Review: James Franco’s Child of God

James Franco is a man with many strings to his bow – and this is something that seems to irk a lot of people -why? I don’t know. He’s turned in mesmerising performances in the likes of Milk and Spring Breakers, penned the charmingly earnest Palo Alto and directed such features as The Broken Tower and As I Lay Dying with a passionate energy. Franco’s latest (of many upcoming) directorial features, Child of God, sees him revisit similar grisly themes to Faulkner’s As I Lay Dying in this adaptation of Cormac McCarthy’s 1973 novel of the same name.

This 1960s set tale takes us to the mountains of Tennessee where Lester Ballard (Scott Haze) lives on the fringes of a small rural society. Dispossessed and violent, Ballard sinks into a world of depraved crime and feral degradation alerting the suspicions of the nearby town.

Franco’s passion for the source novel is staggeringly apparent from the onset, this is a feature that lives and thrives on the murky horrors found in McCarthy’s dank Tennessee wilderness. The young director packs this tale with a visceral realism – much of which comes from the raw period atmosphere channelled through the brown soiled Tennessee woodland setting. By filling his feature with refreshing stylistic devices including anonymous narrators, on-screen source quotations, and the division of this tale into three acts – Franco manages to craft an inventive work that feels befitting of the bleakly classic period in which it is set, yet refreshingly original within the climate of modern arthouse cinema.

Franco taps into the traditional Southern Gothic themes of the animalistic darkness that lurks within the human psyche – channelled through Ballard’s continual regression. Ballard makes for a fascinating protagonist and McCarthy gives Franco a lot of ideas to play with – Ballard’s isolation leads to paranoia (we see him turn against stuffed animals who he believes are conspiring against him) and necrophilia, after stealing the corpse of a young woman found dead from carbon dioxide poisoning (the full horror of which never seems apparent to the unhinged drifter).
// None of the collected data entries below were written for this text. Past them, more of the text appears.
lemma Lsum_Suc_eq:
  "Lsum n1 n3 (Suc m) = m * (n3 div n1) + long_blocks_upto n1 (n3 mod n1) m"
proof (induction m)
  case 0
  then show ?case by (simp add: Lsum_def long_blocks_upto_def)
next
  case (Suc m)
  define q where "q = n3 div n1"
  define r where "r = n3 mod n1"
  have ell: "ell n1 n3 (Suc m) =
      (if r \<le> n1 - r then (if Suc m \<le> 2 * r \<and> odd (Suc m) then q + 1 else q)
       else if Suc m \<le> 2 * (n1 - r) then (if odd (Suc m) then q + 1 else q) else q + 1)"
    unfolding ell_def Let_def q_def r_def by simp
  have "long_blocks_upto n1 r (Suc m) = long_blocks_upto n1 r m +
      (if r \<le> n1 - r then (if Suc m \<le> 2 * r \<and> odd (Suc m) then 1 else 0)
       else if Suc m \<le> 2 * (n1 - r) then (if odd (Suc m) then 1 else 0) else 1)"
    unfolding long_blocks_upto_def by (auto simp: min_def elim!: oddE evenE)
  then show ?case
    using Suc Lsum_Suc_Suc[of n1 n3 m] ell unfolding q_def[symmetric] r_def[symmetric]
    by (auto split: if_splits)
qed

lemma Lsum_total:
  assumes "0 < n1"
  shows "Lsum n1 n3 (Suc n1) = n3"
proof -
  have "long_blocks_upto n1 (n3 mod n1) n1 = n3 mod n1"
    using assms unfolding long_blocks_upto_def by (auto simp: min_def)
  then show ?thesis using Lsum_Suc_eq[of n1 n3 n1] by (simp add: mult.commute)
qed

lemma Lsum_mono: "i \<le> j \<Longrightarrow> Lsum n1 n3 i \<le> Lsum n1 n3 j"
  unfolding Lsum_def by (rule sum_mono2) auto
There is no attempt for the audience to level with Ballard – instead we are boldly faced with watching his small traces of humanity withering away into an animalistic darkness.

Scott Haze brings a ferocious intensity to Ballard, one completely befitting of the character’s feral nature. Ballard’s heavy-set gaze usually signifies that he’s going to fuck, kill, or eat the subject – and Haze makes this apparent through a wild-eyed energy and frantic body language.

Whether this is a film that can be liked or not is another question, but there is no doubt in the fact that Child of God is a darkly engaging and boldly uncompromising glimpse into a world of visceral Southern Gothic horror.

★★★★

You can pre-order the DVD here.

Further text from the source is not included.